* _Task instructions_
Using the listing that follows, return every line with the word "representative".
========================
(* Let $(A,d,\Delta)$ be a mixed chain complex over a field. If it satisfies the $d\Delta$-condition then it is semi-classical, and if it is semi-classical then it admits non-commutative Hodge-to-de Rham degeneration data.
   Context: A mixed chain complex is a graded vector space $A$ with two anticommuting square-zero operators $d$ of degree $-1$ and $\Delta$ of degree $+1$. The $d\Delta$-condition is $\mathrm{Ker}\,d\cap\mathrm{Ker}\,\Delta\cap(\mathrm{Im}\,d+\mathrm{Im}\,\Delta)=\mathrm{Im}\,d\Delta=\mathrm{Im}\,\Delta d$. The complex is semi-classical if every homology class of $(A,d)$ has a representative in $\mathrm{Ker}\,\Delta$. Non-commutative Hodge-to-de Rham degeneration data is a deformation retract $p:(A,d)\to(H(A),0)$, $i:(H(A),0)\to(A,d)$, $h$ of degree $1$ on $A$, with $pi=\mathrm{id}$, $\mathrm{id}_A-ip=dh+hd$, such that $p(\Delta h)^{m-1}\Delta i=0$ for all $m\ge1$. *)

theory Defs
  imports Complex_Main
begin

definition graded :: "('k::field \<Rightarrow> 'v::ab_group_add \<Rightarrow> 'v) \<Rightarrow> (int \<Rightarrow> 'v set) \<Rightarrow> bool" where
  "graded scale G \<longleftrightarrow>
     (\<forall>n. module.subspace scale (G n)) \<and>
     (\<forall>v. \<exists>!c :: int \<Rightarrow> 'v. finite {n. c n \<noteq> 0} \<and> (\<forall>n. c n \<in> G n) \<and>
                         v = (\<Sum>n\<in>{n. c n \<noteq> 0}. c n))"

definition hom_map :: "('k::field \<Rightarrow> 'v::ab_group_add \<Rightarrow> 'v) \<Rightarrow> (int \<Rightarrow> 'v set) \<Rightarrow> int \<Rightarrow> ('v \<Rightarrow> 'v) \<Rightarrow> bool" where
  "hom_map scale G k f \<longleftrightarrow> Vector_Spaces.linear scale scale f \<and> (\<forall>n. f ` G n \<subseteq> G (n + k))"

definition mixed_complex ::
  "('k::field \<Rightarrow> 'v::ab_group_add \<Rightarrow> 'v) \<Rightarrow> (int \<Rightarrow> 'v set) \<Rightarrow> ('v \<Rightarrow> 'v) \<Rightarrow> ('v \<Rightarrow> 'v) \<Rightarrow> bool" where
  "mixed_complex scale G d \<Delta> \<longleftrightarrow>
     vector_space scale \<and> graded scale G \<and>
     hom_map scale G (-1) d \<and> hom_map scale G 1 \<Delta> \<and>
     (\<forall>x. d (d x) = 0) \<and> (\<forall>x. \<Delta> (\<Delta> x) = 0) \<and> (\<forall>x. d (\<Delta> x) + \<Delta> (d x) = 0)"

definition dDelta_condition :: "('v::ab_group_add \<Rightarrow> 'v) \<Rightarrow> ('v \<Rightarrow> 'v) \<Rightarrow> bool" where
  "dDelta_condition d \<Delta> \<longleftrightarrow>
     {x. d x = 0} \<inter> {x. \<Delta> x = 0} \<inter> {a + b | a b. a \<in> range d \<and> b \<in> range \<Delta>}
        = range (d \<circ> \<Delta>)
     \<and> range (d \<circ> \<Delta>) = range (\<Delta> \<circ> d)"

definition semi_classical :: "('v::ab_group_add \<Rightarrow> 'v) \<Rightarrow> ('v \<Rightarrow> 'v) \<Rightarrow> bool" where
  "semi_classical d \<Delta> \<longleftrightarrow>
     (\<forall>z. d z = 0 \<longrightarrow> (\<exists>w. d w = 0 \<and> \<Delta> w = 0 \<and> z - w \<in> range d))"

text \<open>The homology H(A) of (A,d), realised as the set of cosets z + Im d with
d z = 0, with its induced vector space operations and grading.\<close>

definition hcls :: "('v::ab_group_add \<Rightarrow> 'v) \<Rightarrow> 'v \<Rightarrow> 'v set" where
  "hcls d x = {x + b | b. b \<in> range d}"

definition homology :: "('v::ab_group_add \<Rightarrow> 'v) \<Rightarrow> 'v set set" where
  "homology d = {hcls d z | z. d z = 0}"

definition homology_deg :: "(int \<Rightarrow> 'v set) \<Rightarrow> ('v::ab_group_add \<Rightarrow> 'v) \<Rightarrow> int \<Rightarrow> 'v set set" where
  "homology_deg G d n = {hcls d z | z. z \<in> G n \<and> d z = 0}"

definition hadd :: "'v::ab_group_add set \<Rightarrow> 'v set \<Rightarrow> 'v set" where
  "hadd X Y = {x + y | x y. x \<in> X \<and> y \<in> Y}"

definition hscale :: "('k \<Rightarrow> 'v::ab_group_add \<Rightarrow> 'v) \<Rightarrow> ('v \<Rightarrow> 'v) \<Rightarrow> 'k \<Rightarrow> 'v set \<Rightarrow> 'v set" where
  "hscale scale d c X = {scale c x + b | x b. x \<in> X \<and> b \<in> range d}"

text \<open>Non-commutative Hodge-to-de Rham degeneration data: a deformation retract
p : (A,d) \<rightarrow> (H(A),0), i : (H(A),0) \<rightarrow> (A,d), h of degree 1, with p i = id,
id - i p = d h + h d, and p (Delta h)^(m-1) Delta i = 0 for all m \<ge> 1.\<close>

definition nc_HdR_data ::
  "('k::field \<Rightarrow> 'v::ab_group_add \<Rightarrow> 'v) \<Rightarrow> (int \<Rightarrow> 'v set) \<Rightarrow> ('v \<Rightarrow> 'v) \<Rightarrow> ('v \<Rightarrow> 'v)
   \<Rightarrow> ('v \<Rightarrow> 'v set) \<Rightarrow> ('v set \<Rightarrow> 'v) \<Rightarrow> ('v \<Rightarrow> 'v) \<Rightarrow> bool" where
  "nc_HdR_data scale G d \<Delta> p i h \<longleftrightarrow>
     \<comment> \<open>p : A \<rightarrow> H(A) linear, of degree 0, chain map to (H(A),0)\<close>
     (\<forall>x. p x \<in> homology d) \<and>
     (\<forall>x y. p (x + y) = hadd (p x) (p y)) \<and>
     (\<forall>c x. p (scale c x) = hscale scale d c (p x)) \<and>
     (\<forall>n. p ` G n \<subseteq> homology_deg G d n) \<and>
     (\<forall>x. p (d x) = hcls d 0) \<and>
     \<comment> \<open>i : H(A) \<rightarrow> A linear, of degree 0, chain map from (H(A),0)\<close>
     (\<forall>X\<in>homology d. \<forall>Y\<in>homology d. i (hadd X Y) = i X + i Y) \<and>
     (\<forall>c. \<forall>X\<in>homology d. i (hscale scale d c X) = scale c (i X)) \<and>
     (\<forall>n. i ` homology_deg G d n \<subseteq> G n) \<and>
     (\<forall>X\<in>homology d. d (i X) = 0) \<and>
     \<comment> \<open>h homogeneous linear of degree 1\<close>
     hom_map scale G 1 h \<and>
     \<comment> \<open>deformation retract identities\<close>
     (\<forall>X\<in>homology d. p (i X) = X) \<and>
     (\<forall>x. x - i (p x) = d (h x) + h (d x)) \<and>
     \<comment> \<open>degeneration condition\<close>
     (\<forall>m::nat. m \<ge> 1 \<longrightarrow> (\<forall>X\<in>homology d. p (((\<Delta> \<circ> h) ^^ (m - 1)) (\<Delta> (i X))) = hcls d 0))"

end

theory Submission
  imports Defs
begin

text \<open>
  The first implication is a direct diagram chase: for a d-cycle z the
  element Delta z lies in Ker d, Ker Delta and Im Delta, so the dDelta-condition writes it as
  Delta (d y), and z - d y is a Delta-closed representative of the class of z.

  For the second implication we build a "harmonic projection": a linear map P of degree 0
  with d P = 0, Delta P = 0, P d = 0 and a homotopy h of degree 1 with id - P = d h + h d.
  Without the grading this is linear algebra: semi-classicality says that the cycles lie
  in (Ker d \<inter> Ker Delta) + Im d, and P projects onto a complement of Im d chosen inside
  Ker d \<inter> Ker Delta.  The grading is then restored by replacing every linear map by its
  homogeneous part of the required degree, which preserves all the identities.
  Finally p = [P -], i = P (representative) and the homotopy h + h P form a deformation
  retract onto homology; since i lands in Ker Delta, every term
  p (Delta h)^(m-1) Delta i vanishes, which is the degeneration condition.
\<close>

context vector_space
begin

text \<open>Linear endomorphisms of the space form a vector space pair with itself; this gives
  access to the library facts about linear maps.\<close>

sublocale endo: vector_space_pair scale scale ..

lemma linear_compose_fun:
  "Vector_Spaces.linear scale scale f \<Longrightarrow> Vector_Spaces.linear scale scale g \<Longrightarrow>
   Vector_Spaces.linear scale scale (\<lambda>x. f (g x))"
  using Vector_Spaces.linear_compose[of scale scale g scale f] by (simp add: comp_def)

text \<open>For a cycle z, Delta z is d-closed (by anticommutation),
  Delta-closed and in Im d + Im Delta, hence equal to Delta (d y); then z - d y represents
  the class of z and lies in Ker Delta.\<close>

lemma dDelta_condition_imp_semi_classical:
  assumes ld: "Vector_Spaces.linear scale scale d" and lD: "Vector_Spaces.linear scale scale \<Delta>"
    and d_sq: "\<And>x. d (d x) = 0" and Delta_sq: "\<And>x. \<Delta> (\<Delta> x) = 0"
    and anti: "\<And>x. d (\<Delta> x) + \<Delta> (d x) = 0"
    and cond: "dDelta_condition d \<Delta>"
  shows "semi_classical d \<Delta>"
  unfolding semi_classical_def
proof (intro allI impI)
  fix z assume dz: "d z = 0"
  have "d (\<Delta> z) = 0" using anti[of z] by (simp add: dz endo.linear_0[OF lD])
  moreover have "\<Delta> (\<Delta> z) = 0" by (rule Delta_sq)
  moreover have "\<Delta> z \<in> {a + b | a b. a \<in> range d \<and> b \<in> range \<Delta>}"
  proof -
    have "\<Delta> z = d 0 + \<Delta> z" by (simp add: endo.linear_0[OF ld])
    then show ?thesis by blast
  qed
  ultimately have "\<Delta> z \<in> range (\<Delta> \<circ> d)"
    using cond unfolding dDelta_condition_def by blast
  then obtain y where y: "\<Delta> z = \<Delta> (d y)" by auto
  show "\<exists>w. d w = 0 \<and> \<Delta> w = 0 \<and> z - w \<in> range d"
  proof (intro exI conjI)
    show "d (z - d y) = 0" by (simp add: endo.linear_diff[OF ld] dz d_sq)
    show "\<Delta> (z - d y) = 0" by (simp add: endo.linear_diff[OF lD] y)
    show "z - (z - d y) \<in> range d" by simp
  qed
qed
lemma kernel_integral_outside_ball_ge:
  fixes x :: "'a::euclidean_space"
  assumes D: "0 < D" and x: "R - D \<le> norm x" and \<sigma>: "0 \<le> \<sigma>"
  shows "ennreal (unit_ball_vol DIM('a) / (3 ^ DIM('a) * (3 * D) powr \<sigma>))
           \<le> (\<integral>\<^sup>+y. indicator (- ball 0 R) y * ennreal (1 / norm (x - y) powr (real DIM('a) + \<sigma>)) \<partial>lborel)"
proof -
  obtain u :: 'a where u: "norm u = 1" "x = norm x *\<^sub>R u"
  proof (cases "x = 0")
    case True
    then show ?thesis using that vector_choose_size[of 1] by auto
  next
    case False
    then show ?thesis using that[of "sgn x"] by (simp add: norm_sgn sgn_div_norm)
  qed
  define c where "c = (norm x + 2 * D) *\<^sub>R u"
  define k where "k = 1 / (3 * D) powr (real DIM('a) + \<sigma>)"
  have "ennreal k * indicator (ball c D) y
          \<le> indicator (- ball 0 R) y * ennreal (1 / norm (x - y) powr (real DIM('a) + \<sigma>))" for y
  proof (cases "y \<in> ball c D")
    case True
    then have cy: "norm (c - y) < D" by (simp add: dist_norm)
    have xc: "norm (x - c) = 2 * D" and nc: "norm c = norm x + 2 * D"
      using D by (subst u(2); simp add: c_def u(1) flip: scaleR_diff_left)+
    have "norm c \<le> norm y + norm (c - y)" by (rule norm_triangle_sub)
    then have "R \<le> norm y" using x cy nc by linarith
    moreover have "norm (x - y) \<le> 3 * D"
      using norm_triangle_ineq[of "x - c" "c - y"] xc cy by simp
    moreover have "D \<le> norm (x - y)"
      using norm_triangle_ineq[of "x - y" "y - c"] xc cy by (simp add: norm_minus_commute)
    ultimately have "k \<le> 1 / norm (x - y) powr (real DIM('a) + \<sigma>)"
      unfolding k_def using D \<sigma> by (intro divide_left_mono powr_mono2) (auto intro!: mult_pos_pos)
    then show ?thesis using True \<open>R \<le> norm y\<close> by (simp add: ennreal_leI)
  qed simp
  then have "ennreal k * emeasure lborel (ball c D)
               \<le> (\<integral>\<^sup>+y. indicator (- ball 0 R) y * ennreal (1 / norm (x - y) powr (real DIM('a) + \<sigma>)) \<partial>lborel)"
    by (subst nn_integral_cmult_indicator[symmetric]) (auto intro: nn_integral_mono)
  moreover have "k * (unit_ball_vol DIM('a) * D ^ DIM('a))
                   = unit_ball_vol DIM('a) / (3 ^ DIM('a) * (3 * D) powr \<sigma>)"
    using D by (simp add: k_def powr_add powr_realpow power_mult_distrib)
  moreover have "0 \<le> k" by (simp add: k_def)
  ultimately show ?thesis
    using D by (simp add: emeasure_ball ennreal_mult'[symmetric])
qed
lemma saturation_is_ideal:
  fixes K :: "'k::comm_ring_1 dpoly set"
  assumes K: "is_ideal_in (polys_in V) K" and H: "H \<in> polys_in V"
  shows "is_ideal_in (polys_in V) (saturation (polys_in V) K H)"
  unfolding is_ideal_in_def saturation_def
proof (intro conjI ballI)
  show "0 \<in> {a \<in> polys_in V. \<exists>n. H ^ n * a \<in> K}"
    using is_ideal_in_zero[OF K] by auto
  fix a assume "a \<in> {a \<in> polys_in V. \<exists>n. H ^ n * a \<in> K}"
  then obtain n where a: "a \<in> polys_in V" "H ^ n * a \<in> K"
    by blast
  have Hk: "H ^ k \<in> polys_in V" for k
    using H by (rule polys_in_power)
  {
    fix b assume "b \<in> {a \<in> polys_in V. \<exists>n. H ^ n * a \<in> K}"
    then obtain k where b: "b \<in> polys_in V" "H ^ k * b \<in> K"
      by blast
    have "H ^ (n + k) * (a + b) = H ^ k * (H ^ n * a) + H ^ n * (H ^ k * b)"
      by (simp add: algebra_simps power_add)
    also have "\<dots> \<in> K"
      using is_ideal_in_add[OF K] is_ideal_in_mult[OF K] a(2) b(2) Hk by blast
    finally show "a + b \<in> {a \<in> polys_in V. \<exists>n. H ^ n * a \<in> K}"
      using a b polys_in_add by blast
  }
  {
    fix r :: "'k dpoly" assume r: "r \<in> polys_in V"
    have "H ^ n * (r * a) = r * (H ^ n * a)"
      by (simp add: ac_simps)
    also have "\<dots> \<in> K"
      using is_ideal_in_mult[OF K a(2) r] .
    finally show "r * a \<in> {a \<in> polys_in V. \<exists>n. H ^ n * a \<in> K}"
      using a r polys_in_mult by blast
  }
qed auto

text \<open>The kernel of an evaluation compatible with the derivations is a differential ideal.\<close>

lemma diff_ideal_gen_eval_zero:
  assumes df: "diff_field d m" and val: "\<And>i x. i < m \<Longrightarrow> val (deriv_var i x) = d i (val x)"
    and F: "\<forall>c\<in>F. c \<in> dring m l \<and> eval_poly val c = 0" and p: "p \<in> diff_ideal_gen d m l F"
  shows "eval_poly val p = 0"
proof -
  define P where "P = {p \<in> dring m l. eval_poly val p = 0}"
  have R: "dring m l = polys_in {x. valid_var m l x}"
    by (rule dring_eq_polys_in)
  have "is_diff_ideal d m l P"
    unfolding is_diff_ideal_def is_ideal_in_def
  proof (intro conjI allI impI ballI)
    show "P \<subseteq> dring m l" "0 \<in> P"
      unfolding P_def R by auto
    fix a assume a: "a \<in> P"
    show "a + b \<in> P" if "b \<in> P" for b
      using a that unfolding P_def R by (auto intro: polys_in_add simp: eval_poly_add)
    show "r * a \<in> P" if "r \<in> dring m l" for r
      using a that unfolding P_def R by (auto intro: polys_in_mult simp: eval_poly_mult)
    fix i assume i: "i < m"
    have "vars (dderiv d i a) \<subseteq> {x. valid_var m l x}"
      using vars_dderiv[of d i a] a valid_var_deriv_var[OF i] unfolding P_def dring_def by blast
    moreover have "eval_poly val (dderiv d i a) = 0"
      using eval_poly_dderiv[where d = d and i = i and val = val and p = a, OF derivation_diff_field[OF df i] val[OF i]] a
        derivation.D_zero[OF derivation_diff_field[OF df i]]
      unfolding P_def by simp
    ultimately show "dderiv d i a \<in> P"
      unfolding P_def R polys_in_def by blast
  qed
  moreover have "F \<subseteq> P"
    using F unfolding P_def by blast
  ultimately show ?thesis
    using p unfolding diff_ideal_gen_def P_def by blast
qed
========================
* _Result for this task_
   Context: A mixed chain complex is a graded vector space $A$ with two anticommuting square-zero operators $d$ of degree $-1$ and $\Delta$ of degree $+1$. The $d\Delta$-condition is $\mathrm{Ker}\,d\cap\mathrm{Ker}\,\Delta\cap(\mathrm{Im}\,d+\mathrm{Im}\,\Delta)=\mathrm{Im}\,d\Delta=\mathrm{Im}\,\Delta d$. The complex is semi-classical if every homology class of $(A,d)$ has a representative in $\mathrm{Ker}\,\Delta$. Non-commutative Hodge-to-de Rham degeneration data is a deformation retract $p:(A,d)\to(H(A),0)$, $i:(H(A),0)\to(A,d)$, $h$ of degree $1$ on $A$, with $pi=\mathrm{id}$, $\mathrm{id}_A-ip=dh+hd$, such that $p(\Delta h)^{m-1}\Delta i=0$ for all $m\ge1$. *)
  Delta (d y), and z - d y is a Delta-closed representative of the class of z.
  Finally p = [P -], i = P (representative) and the homotopy h + h P form a deformation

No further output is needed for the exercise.